Of the $536 million restructuring charge, we expect to pay approximately $450 million in cash; the balance consists primarily of special termination pension and postretirement benefits. During the three and nine months ended September 30, 2001, we paid $98 million and $234 million, respectively, related to employee costs and $10 million and $16 million, respectively, in other exit costs. We expect to pay up to an additional $75 million during the fourth quarter of 2001 and the remainder in 2002. Requirements for working capital, acquisitions, capital expenditures, dividends, repayment of debt securities, separation related obligations and restructuring obligations are expected to be funded from operations, supplemented as needed by short-term or long-term borrowings available under our commercial paper programs, our credit facilities and other available financing sources as necessary.
Debt Capitalization and Available Financing Sources
Delphi has two financing arrangements with a syndicate of lenders providing for an aggregate of $3.0 billion in available revolving credit facilities (the Credit Facilities), subject to certain limitations. The terms of the Credit Facilities provide for a five-year revolving credit line in the amount of $1.5 billion, which expires in June 2005, and a 364-day revolving credit line in the amount of $1.5 billion, which expires in June 2002. As of September 30, 2001, we had no amounts outstanding under our Credit Facilities. Utilizing the Credit Facilities as back-up, Delphi implemented $2.5 billion of worldwide commercial paper programs, under which $1.0 billion was outstanding as of September 30, 2001. Delphi also has approximately $165 million available under uncommitted lines of credit, under which $120 million was outstanding as of September 30, 2001.
18
In June 2001, we issued 6.55% unsecured notes (the Notes) with an aggregate principal amount of $500 million, which mature on June 15, 2006. We will pay interest on such Notes on June 15 and December 15 of each year beginning December 15, 2001. The proceeds of the Notes were used to reduce our commercial paper borrowings, including approximately $0.3 billion arising from the purchase of Delphi Mechatronic Systems. The Notes have no sinking fund requirement and are redeemable, in whole or in part, at the option of Delphi.
Cash Flows
Operating Activities. Net cash provided by operating activities totaled $0.9 billion for the nine months ended September 30, 2001 compared to net cash provided by operating activities of $0.2 billion for the nine months ended September 30, 2000. Cash provided by operating activities in the first nine months of 2001 resulted from improved working capital management partially offset by a $175 million payment to GM in the second quarter for previously recorded separation related obligations for pension and other postretirement benefits. Net cash provided by operating activities for the first nine months of 2000 was $2.0 billion before the impact of a $1.1 billion voluntary contribution to our hourly pension plan and separation related payments to GM of $0.7 billion related to pension and other postretirement benefits.

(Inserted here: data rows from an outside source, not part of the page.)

lemma hyp_fact_local:
  assumes x: "1 \<le> x" and c: "1 \<le> c" and y: "y = x + 2 * c - 2"
    and C: "C \<in> set F" and h: "h \<in> set (fst C)" and P: "(X, Y) \<in> site_pts x y"
    and g: "hyp_fact v X Y h = Some g"
  shows "g \<in> facts_at (site_pts x y) \<union> nb_facts (rel_names F) (max_offset F + 2) c x y"
proof -
  let ?K = "max_offset F"
  obtain a b where ab: "a \<in> hyp_offsets h" "b \<in> hyp_offsets h"
    and pt: "fact_pt (snd g) = (minus_pred X a, minus_pred Y b) \<or> fact_pt (snd g) = (minus_pred Y b, minus_pred X a)"
    using fact_pt_hyp_fact[OF g] by blast
  have ak: "a \<le> ?K" "b \<le> ?K" using hyp_offsets_le[OF C h] ab by auto
  have XY: "1 \<le> X" "1 \<le> Y" using P unfolding site_pts_def by auto
  have L: "(minus_pred X a, minus_pred Y b) \<in> site_pts x y \<or> in_nb_window (?K + 2) c x y (minus_pred X a) (minus_pred Y b)"
    using minus_pred_site_pts[OF x c y P ak] .
  have L2: "fact_pt (snd g) \<in> site_pts x y \<or> in_nb_window (?K + 2) c x y (fst (fact_pt (snd g))) (snd (fact_pt (snd g)))"
    using L pt site_pts_swap in_nb_window_swap by auto
  have pos: "pos_fact g" using pt XY minus_pred_pos unfolding pos_fact_def by auto
  have ok: "name_ok (rel_names F) (snd g)" using name_ok_hyp_fact[OF C h g] .
  from L2 show ?thesis
  proof
    assume "fact_pt (snd g) \<in> site_pts x y" then show ?thesis unfolding facts_at_def by blast
  next
    assume "in_nb_window (?K + 2) c x y (fst (fact_pt (snd g))) (snd (fact_pt (snd g)))"
    then show ?thesis using pos ok unfolding in_nb_window_def nb_facts_def window_facts_def by auto
  qed
qed

lemma window_facts_cover:
  assumes x: "1 \<le> x" and c: "1 \<le> c" and y: "y = x + 2 * c - 2"
    and g: "g \<in> window_facts RN (K + 2) x y"
  shows "g \<in> facts_at (site_pts x y) \<union> nb_facts RN (K + 2) c x y"
proof -
  obtain p q where pq: "fact_pt (snd g) = (p, q)" by (cases "fact_pt (snd g)")
  have pos: "1 \<le> p" "1 \<le> q" using g pq unfolding window_facts_def pos_fact_def by auto
  have w: "in_box (K + 2) x y p q \<or> in_box (K + 2) x y q p" using g pq unfolding window_facts_def in_window_def by auto
  have "(p, q) \<in> site_pts x y \<or> in_nb_window (K + 2) c x y p q"
    using w in_box_cases[OF x c y pos] in_box_cases[OF x c y pos(2) pos(1)] site_pts_swap in_nb_window_swap by blast
  then show ?thesis
  proof
    assume "(p, q) \<in> site_pts x y" then show ?thesis using pq unfolding facts_at_def by auto
  next
    assume "in_nb_window (K + 2) c x y p q"
    then show ?thesis using g pq unfolding in_nb_window_def nb_facts_def window_facts_def by auto
  qed
qed

section \<open>Squeezing coordinates\<close>

text \<open>All points relevant at a site (x, y) lie in two lanes, one just below x and one just below
  y + 1 = x + 2 c - 1.  \<open>squeeze\<close> translates the first lane by \<open>shift_x\<close> and the second by
  \<open>shift_y\<close>, so that x and y land on the bounded values \<open>squeezed_x\<close> and \<open>squeezed_y\<close>.  Since
  the bound \<open>cap K\<close> = 4 K + 12 exceeds the widths of the lanes, squeezing preserves the order
  of the points, predecessors up to K, and position 1, hence the truth of every hypothesis.\<close>

definition cap :: "nat \<Rightarrow> nat" where "cap K = 4 * K + 12"

definition shift_x :: "nat \<Rightarrow> nat \<Rightarrow> nat" where "shift_x K x = x - min x (cap K)"

definition shift_y :: "nat \<Rightarrow> nat \<Rightarrow> nat \<Rightarrow> nat" where
  "shift_y K x c = (x + 2 * c - 2) - (min x (cap K) + 2 * min c (cap K) - 2)"

definition squeeze :: "nat \<Rightarrow> nat \<Rightarrow> nat \<Rightarrow> nat \<Rightarrow> nat" where
  "squeeze K x c k = (if k \<le> x + 1 then k - shift_x K x else k - shift_y K x c)"

definition squeeze_dom :: "nat \<Rightarrow> nat \<Rightarrow> nat \<Rightarrow> nat set" where
  "squeeze_dom K x c = {k. 1 \<le> k \<and> ((x \<le> k + (K + 4) \<and> k \<le> x) \<or> (x + 2 * c \<le> k + (K + 6) \<and> k + 1 \<le> x + 2 * c))}"

lemma shift_x_small: "x \<le> cap K \<Longrightarrow> shift_x K x = 0"
  unfolding shift_x_def by simp

lemma shift_x_big: "x \<ge> cap K \<Longrightarrow> shift_x K x + cap K = x"
  unfolding shift_x_def by simp

lemma shift_y_small: "1 \<le> c \<Longrightarrow> c \<le> cap K \<Longrightarrow> shift_y K x c = shift_x K x"
  unfolding shift_y_def shift_x_def by (simp add: min_def)

lemma shift_y_big: "1 \<le> c \<Longrightarrow> c \<ge> cap K \<Longrightarrow> shift_y K x c + 2 * cap K = shift_x K x + 2 * c"
  unfolding shift_y_def shift_x_def cap_def by (cases "x \<le> 4 * K + 12") (simp_all add: min_def)

lemma cap_ge: "cap K \<ge> 4 * K + 12"
  unfolding cap_def by simp

lemma squeeze_low: "k \<le> x + 1 \<Longrightarrow> squeeze K x c k = k - shift_x K x"
  unfolding squeeze_def by simp

lemma squeeze_high: "\<not> k \<le> x + 1 \<Longrightarrow> squeeze K x c k = k - shift_y K x c"
  unfolding squeeze_def by simp

lemma squeeze_dom_cases:
  assumes "1 \<le> c" "k \<in> squeeze_dom K x c"
  shows "(1 \<le> k \<and> k \<le> x \<and> x \<le> k + (K + 4)) \<or>
         (1 \<le> k \<and> x + 2 * c \<le> k + (K + 6) \<and> k + 1 \<le> x + 2 * c)"
  using assms unfolding squeeze_dom_def by auto

lemma squeeze_lanes:
  assumes x: "1 \<le> x" and c: "1 \<le> c" and k: "k \<in> squeeze_dom K x c"
  shows "(k \<le> x \<and> x \<le> k + (K + 4) \<and> squeeze K x c k + shift_x K x = k) \<or>
         (x + 2 * c \<le> k + (K + 6) \<and> k + 1 \<le> x + 2 * c \<and> squeeze K x c k + shift_y K x c = k \<and>
           (c \<le> cap K \<or> x + 1 < k))"
proof -
  have B: "cap K \<ge> 4 * K + 12" by (rule cap_ge)
  have sxle: "shift_x K x \<le> x" unfolding shift_x_def by simp
  have sxb: "x \<le> cap K \<Longrightarrow> shift_x K x = 0" by (rule shift_x_small)
  have sxb2: "x \<ge> cap K \<Longrightarrow> shift_x K x + cap K = x" by (rule shift_x_big)
  from squeeze_dom_cases[OF c k] show ?thesis
  proof
    assume a: "1 \<le> k \<and> k \<le> x \<and> x \<le> k + (K + 4)"
    then have "squeeze K x c k = k - shift_x K x" by (simp add: squeeze_low)
    moreover have "shift_x K x \<le> k" using a sxb sxb2 B by (cases "x \<le> cap K") auto
    ultimately show ?thesis using a by simp
  next
    assume a: "1 \<le> k \<and> x + 2 * c \<le> k + (K + 6) \<and> k + 1 \<le> x + 2 * c"
    show ?thesis
    proof (cases "c \<le> cap K")
      case True
      then have shift_y: "shift_y K x c = shift_x K x" using shift_y_small c by blast
      have "shift_x K x \<le> k" using a sxb sxb2 B c by (cases "x \<le> cap K") auto
      then have "squeeze K x c k + shift_y K x c = k" using shift_y by (cases "k \<le> x + 1") (auto simp: squeeze_low squeeze_high)
      then show ?thesis using a True by simp
    next
      case False
      then have shift_y: "shift_y K x c + 2 * cap K = shift_x K x + 2 * c" using shift_y_big c by simp
      have xk: "x + 1 < k" using a False B by linarith
      have "shift_y K x c \<le> k" using a shift_y sxle B False by linarith
      then have "squeeze K x c k + shift_y K x c = k" using xk by (simp add: squeeze_high)
      then show ?thesis using a xk by simp
    qed
  qed
qed

lemma squeeze_mono:
  assumes x: "1 \<le> x" and c: "1 \<le> c" and p: "p \<in> squeeze_dom K x c" and q: "q \<in> squeeze_dom K x c"
  shows "(p \<le> q) = (squeeze K x c p \<le> squeeze K x c q)"
proof (cases "c \<le> cap K")
  case True
  then have shift_y: "shift_y K x c = shift_x K x" using shift_y_small c by blast
  have "squeeze K x c p + shift_x K x = p" using squeeze_lanes[OF x c p] shift_y by auto
  moreover have "squeeze K x c q + shift_x K x = q" using squeeze_lanes[OF x c q] shift_y by auto
  ultimately show ?thesis by linarith
next
  case False
  then have shift_y: "shift_y K x c + 2 * cap K = shift_x K x + 2 * c" using shift_y_big c by simp
  have B: "cap K \<ge> 4 * K + 12" by (rule cap_ge)
  from squeeze_lanes[OF x c p] show ?thesis
  proof (elim disjE)
    assume p1: "(p \<le> x) \<and> (x \<le> p + (K + 4)) \<and> (squeeze K x c p + shift_x K x = p)"
    from squeeze_lanes[OF x c q] show ?thesis
    proof (elim disjE)
      assume "(q \<le> x) \<and> (x \<le> q + (K + 4)) \<and> (squeeze K x c q + shift_x K x = q)"
      then show ?thesis using p1 by linarith
    next
      assume "(x + 2 * c \<le> q + (K + 6)) \<and> (q + 1 \<le> x + 2 * c) \<and> (squeeze K x c q + shift_y K x c = q) \<and> (c \<le> cap K \<or> x + 1 < q)"
      then show ?thesis using p1 shift_y B False by linarith
    qed
  next
    assume p1: "(x + 2 * c \<le> p + (K + 6)) \<and> (p + 1 \<le> x + 2 * c) \<and> (squeeze K x c p + shift_y K x c = p) \<and> (c \<le> cap K \<or> x + 1 < p)"
    from squeeze_lanes[OF x c q] show ?thesis
    proof (elim disjE)
      assume "(q \<le> x) \<and> (x \<le> q + (K + 4)) \<and> (squeeze K x c q + shift_x K x = q)"
      then show ?thesis using p1 shift_y B False by linarith
    next
      assume "(x + 2 * c \<le> q + (K + 6)) \<and> (q + 1 \<le> x + 2 * c) \<and> (squeeze K x c q + shift_y K x c = q) \<and> (c \<le> cap K \<or> x + 1 < q)"
      then show ?thesis using p1 by linarith
    qed
  qed
qed

lemma squeeze_eq_iff:
  assumes x: "1 \<le> x" and c: "1 \<le> c" and p: "p \<in> squeeze_dom K x c" and q: "q \<in> squeeze_dom K x c"
  shows "(p = q) = (squeeze K x c p = squeeze K x c q)"
  using squeeze_mono[OF x c p q] squeeze_mono[OF x c q p] by auto

lemma squeeze_pos:
  assumes x: "1 \<le> x" and c: "1 \<le> c" and p: "p \<in> squeeze_dom K x c"
  shows "1 \<le> squeeze K x c p"
proof -
  have B: "cap K \<ge> 4 * K + 12" by (rule cap_ge)
  from squeeze_lanes[OF x c p] show ?thesis
  proof (elim disjE)
    assume p1: "(p \<le> x) \<and> (x \<le> p + (K + 4)) \<and> (squeeze K x c p + shift_x K x = p)"
    show ?thesis
    proof (cases "x \<le> cap K")
      case True then show ?thesis using p1 shift_x_small[OF True] p unfolding squeeze_dom_def by simp
    next
      case False then show ?thesis using p1 shift_x_big[of K x] B by linarith
    qed
  next
    assume p1: "(x + 2 * c \<le> p + (K + 6)) \<and> (p + 1 \<le> x + 2 * c) \<and> (squeeze K x c p + shift_y K x c = p) \<and> (c \<le> cap K \<or> x + 1 < p)"
    show ?thesis
    proof (cases "c \<le> cap K")
      case True
      then have shift_y: "shift_y K x c = shift_x K x" using shift_y_small c by blast
      show ?thesis
      proof (cases "x \<le> cap K")
        case True then show ?thesis using p1 shift_y shift_x_small[OF True] p unfolding squeeze_dom_def by simp
      next
        case False then show ?thesis using p1 shift_y shift_x_big[of K x] B c by linarith
      qed
    next
      case False
      then have shift_y: "shift_y K x c + 2 * cap K = shift_x K x + 2 * c" using shift_y_big c by simp
      have "shift_x K x \<le> x" unfolding shift_x_def by simp
      then show ?thesis using p1 shift_y B False by linarith
    qed
  qed
qed

lemma inj_on_squeeze: "1 \<le> x \<Longrightarrow> 1 \<le> c \<Longrightarrow> inj_on (squeeze K x c) (squeeze_dom K x c)"
  unfolding inj_on_def using squeeze_eq_iff by blast

definition squeezed_x :: "nat \<Rightarrow> nat \<Rightarrow> nat" where "squeezed_x K x = min x (cap K)"

definition squeezed_y :: "nat \<Rightarrow> nat \<Rightarrow> nat \<Rightarrow> nat" where "squeezed_y K x c = min x (cap K) + 2 * min c (cap K) - 2"

lemma squeeze_lane_x:
  assumes x: "1 \<le> x" and c: "1 \<le> c"
  shows "((\<forall>k. k \<le> x + 1 \<longrightarrow> squeeze K x c k = k) \<and> squeezed_x K x = x) \<or>
         ((\<forall>k. x \<le> k + (K + 4) \<and> k \<le> x + 1 \<longrightarrow> squeeze K x c k + shift_x K x = k \<and> K + 2 \<le> squeeze K x c k)
           \<and> squeezed_x K x + shift_x K x = x \<and> K + 6 \<le> squeezed_x K x)"
proof (cases "x \<le> cap K")
  case True
  then show ?thesis using shift_x_small[OF True] by (simp add: squeeze_low squeezed_x_def)
next
  case False
  have B: "cap K \<ge> 4 * K + 12" by (rule cap_ge)
  have shift_x: "shift_x K x + cap K = x" using shift_x_big[of K x] False by simp
  have "\<forall>k. x \<le> k + (K + 4) \<and> k \<le> x + 1 \<longrightarrow> squeeze K x c k + shift_x K x = k \<and> K + 2 \<le> squeeze K x c k"
  proof (intro allI impI)
    fix k assume k: "x \<le> k + (K + 4) \<and> k \<le> x + 1"
    then have "squeeze K x c k = k - shift_x K x" by (simp add: squeeze_low)
    then show "squeeze K x c k + shift_x K x = k \<and> K + 2 \<le> squeeze K x c k" using k shift_x B by linarith
  qed
  moreover have "squeezed_x K x + shift_x K x = x" "K + 6 \<le> squeezed_x K x" using shift_x False B unfolding squeezed_x_def by auto
  ultimately show ?thesis by blast
qed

Investing Activities. Cash flows used in investing activities totaled $1.1 billion and $1.7 billion for the nine months ended September 30, 2001 and 2000, respectively. The use of cash in the first nine months of 2001 reflects the acquisitions of Delphi Mechatronic Systems and Delphi Connection Systems-Specialty Electronics for approximately $0.3 billion. The cash use also reflects capital expenditures related to ongoing operations. The use of cash in the first nine months of 2000 reflects the acquisitions of Delphi Diesel Systems and Delphi Lockheed Automotive for an aggregate of approximately $0.9 billion and capital expenditures related to ongoing operations.

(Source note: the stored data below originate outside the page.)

lemma pos_semidef_add: "pos_semidef A \<Longrightarrow> pos_semidef B \<Longrightarrow> pos_semidef (A + B)"
  for A B :: "real^'n^'n"
  by (simp add: pos_semidef_def matrix_vector_mult_add_rdistrib inner_add_right)

lemma pos_def_add_pos_semidef: "pos_semidef A \<Longrightarrow> pos_def B \<Longrightarrow> pos_def (A + B)"
  for A B :: "real^'n^'n"
  by (simp add: pos_semidef_def pos_def_def matrix_vector_mult_add_rdistrib inner_add_right add_nonneg_pos)

lemma pos_semidef_scaleR: "a \<ge> 0 \<Longrightarrow> pos_semidef A \<Longrightarrow> pos_semidef (a *\<^sub>R A)"
  for A :: "real^'n^'n"
  by (simp add: pos_semidef_def scaleR_matrix_vector_mult)

lemma pos_def_scaleR: "a > 0 \<Longrightarrow> pos_def A \<Longrightarrow> pos_def (a *\<^sub>R A)"
  for A :: "real^'n^'n"
  by (simp add: pos_def_def scaleR_matrix_vector_mult)

lemma pos_semidef_convex_combination:
  "pos_semidef F1 \<Longrightarrow> pos_semidef F2 \<Longrightarrow> 0 \<le> t \<Longrightarrow> t \<le> 1
    \<Longrightarrow> pos_semidef ((1 - t) *\<^sub>R F1 + t *\<^sub>R F2)"
  by (intro pos_semidef_add pos_semidef_scaleR) auto

lemma quadratic_form_add_scaleR:
  fixes D :: "real^'n^'n"
  assumes "sym_mat D"
  shows "(x + t *\<^sub>R y) \<bullet> (D *v (x + t *\<^sub>R y))
    = x \<bullet> (D *v x) + 2*t*(x \<bullet> (D *v y)) + t*t*(y \<bullet> (D *v y))"
proof -
  have "y \<bullet> (D *v x) = x \<bullet> (D *v y)" using sym_mat_inner[OF assms, of y x] by (simp add: inner_commute)
  thus ?thesis by (simp add: algebra_simps)
qed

Financing Activities. Net cash provided by financing activities was $0.2 billion and $0.8 billion for the nine months ended September 30, 2001 and 2000, respectively. Cash provided by financing activities during the first nine months of 2001 represented the net proceeds from the $500 million Note offering partially offset by repayments of our uncommitted lines of credit and commercial paper and dividend payments. Cash provided by financing activities for the first nine months of 2000 included borrowings under our commercial paper program used to make separation related payments to GM for pension and other postretirement benefits.

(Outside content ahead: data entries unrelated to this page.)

(* There is $c>0$ independent of $h$ such that for all $u\in C^0(\bar I)$ and $v\in C^0(\bar I)^d$ with $|v(z)|=1$ for all $z\in\mathcal N_2(\mathcal T_h)$, $$\|\mathcal I_{h,2}(uv)\|_{L^1(I)^d}\le c\|\mathcal I_{h,2}u\|_{L^1(I)}.$$
   Context: Mesh notation: $I=(a,b)\subset\mathbb R$, $a=x_0<x_1<\dots<x_M=b$, $I_i=[x_{i-1},x_i]$, $h_i=x_i-x_{i-1}$, $h=\max_i h_i$, $\mathcal T_h=\{I_1,\dots,I_M\}$. Let $m_i=(x_{i-1}+x_i)/2$, $\mathcal N_1(\mathcal T_h)=\{x_0,\dots,x_M\}$, $\mathcal N_2(\mathcal T_h)=\mathcal N_1(\mathcal T_h)\cup\{m_1,\dots,m_M\}$. $\mathcal I_{h,2}$ is the continuous piecewise quadratic nodal interpolant defined by $\mathcal I_{h,2}v(z)=v(z)$ for $z\in\mathcal N_2(\mathcal T_h)$ (componentwise for vector-valued functions). *)

theory Defs
  imports "HOL-Analysis.Analysis"
begin

definition is_mesh :: "real \<Rightarrow> real \<Rightarrow> nat \<Rightarrow> (nat \<Rightarrow> real) \<Rightarrow> bool" where
  "is_mesh a b M x \<longleftrightarrow> 1 \<le> M \<and> x 0 = a \<and> x M = b \<and> (\<forall>i<M. x i < x (Suc i))"

definition midpt :: "(nat \<Rightarrow> real) \<Rightarrow> nat \<Rightarrow> real" where
  "midpt x i = (x (i - 1) + x i) / 2"

definition nodes2 :: "nat \<Rightarrow> (nat \<Rightarrow> real) \<Rightarrow> real set" where
  "nodes2 M x = {x i | i. i \<le> M} \<union> {midpt x i | i. 1 \<le> i \<and> i \<le> M}"

definition quad_lagr :: "real \<Rightarrow> real \<Rightarrow> real \<Rightarrow> 'a::real_vector \<Rightarrow> 'a \<Rightarrow> 'a \<Rightarrow> real \<Rightarrow> 'a" where
  "quad_lagr p m q fp fm fq t =
     (((t - m) * (t - q)) / ((p - m) * (p - q))) *\<^sub>R fp
   + (((t - p) * (t - q)) / ((m - p) * (m - q))) *\<^sub>R fm
   + (((t - p) * (t - m)) / ((q - p) * (q - m))) *\<^sub>R fq"

text \<open>Continuous piecewise quadratic nodal interpolant I_{h,2} (componentwise for
  vector-valued f, via scaleR); defined as 0 outside [x 0, x M].  On an element the
  quadratic of the element is used (at interior vertices both adjacent quadratics agree).\<close>
definition interp2 :: "nat \<Rightarrow> (nat \<Rightarrow> real) \<Rightarrow> (real \<Rightarrow> 'a::real_vector) \<Rightarrow> real \<Rightarrow> 'a" where
  "interp2 M x f t =
    (if \<exists>i. 1 \<le> i \<and> i \<le> M \<and> x (i - 1) \<le> t \<and> t \<le> x i
     then (let i = (LEAST i. 1 \<le> i \<and> i \<le> M \<and> x (i - 1) \<le> t \<and> t \<le> x i)
           in quad_lagr (x (i - 1)) (midpt x i) (x i) (f (x (i - 1))) (f (midpt x i)) (f (x i)) t)
     else 0)"

end

theory Submission
  imports Defs
begin

text \<open>On an element with midpoint m and half-width d, the three Lagrange basis functions of
  the nodes m - d, m, m + d are bounded by 1 in absolute value, so the interpolant of u v has
  norm at most the sum of the nodal values of |u|, since |v| = 1 at the nodes. Conversely,
  testing the scalar quadratic interpolant of u against the weights 1, (t - m)/d and
  ((t - m)/d)^2 bounds its coefficients, hence its nodal values, by its L^1 norm
  on the element, with constants independent of d. Summing over the elements gives c = 54.\<close>

lemma quad_lagr_centered:
  fixes fp fm fq :: real
  assumes "d \<noteq> 0"
  shows "quad_lagr (m - d) m (m + d) fp fm fq t
    = fm + (fq - fp) / (2*d) * (t - m) + (fp + fq - 2*fm) / (2*d^2) * (t - m)^2"
  unfolding quad_lagr_def using assms by (simp add: field_simps power2_eq_square)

Dividends. The Board of Directors declared a dividend on Delphi common stock of $0.07 per share on September 5, 2001, which was paid on October 16, 2001, to holders of record on September 17, 2001. The dividend declared on June 27, 2001 was paid on August 6, 2001.
Outlook
Our customers production schedules in North America, our largest market, were approximately 6% lower in the third quarter of 2001 and 13% lower in the first nine months of 2001 than the comparable periods in 2000. In view of this lower production, as well as the weaker U.S. and European aftermarket and weaker euro, our sales decreased by 11% during the first nine months of 2001 compared to the same period in 2000. Such adverse conditions may continue for an extended period of time. In addition, the September terrorist attacks may lead to further declines in production volumes or a United States consumer recession given weakening economic indicators prior to the tragedy. These conditions could result in additional continued revenue declines and could adversely affect our earnings and financial condition. In light of the current market conditions, lower industry volumes and other factors, orders from our North American vehicle customers in 2001 are forecasted to be lower than the levels in 2000. We expect our 2001 sales to be approximately 10% lower year over year. Reflecting our operating leverage, we expect net income and operating cash flow will be significantly lower than 2000, excluding the effects of any major portfolio actions.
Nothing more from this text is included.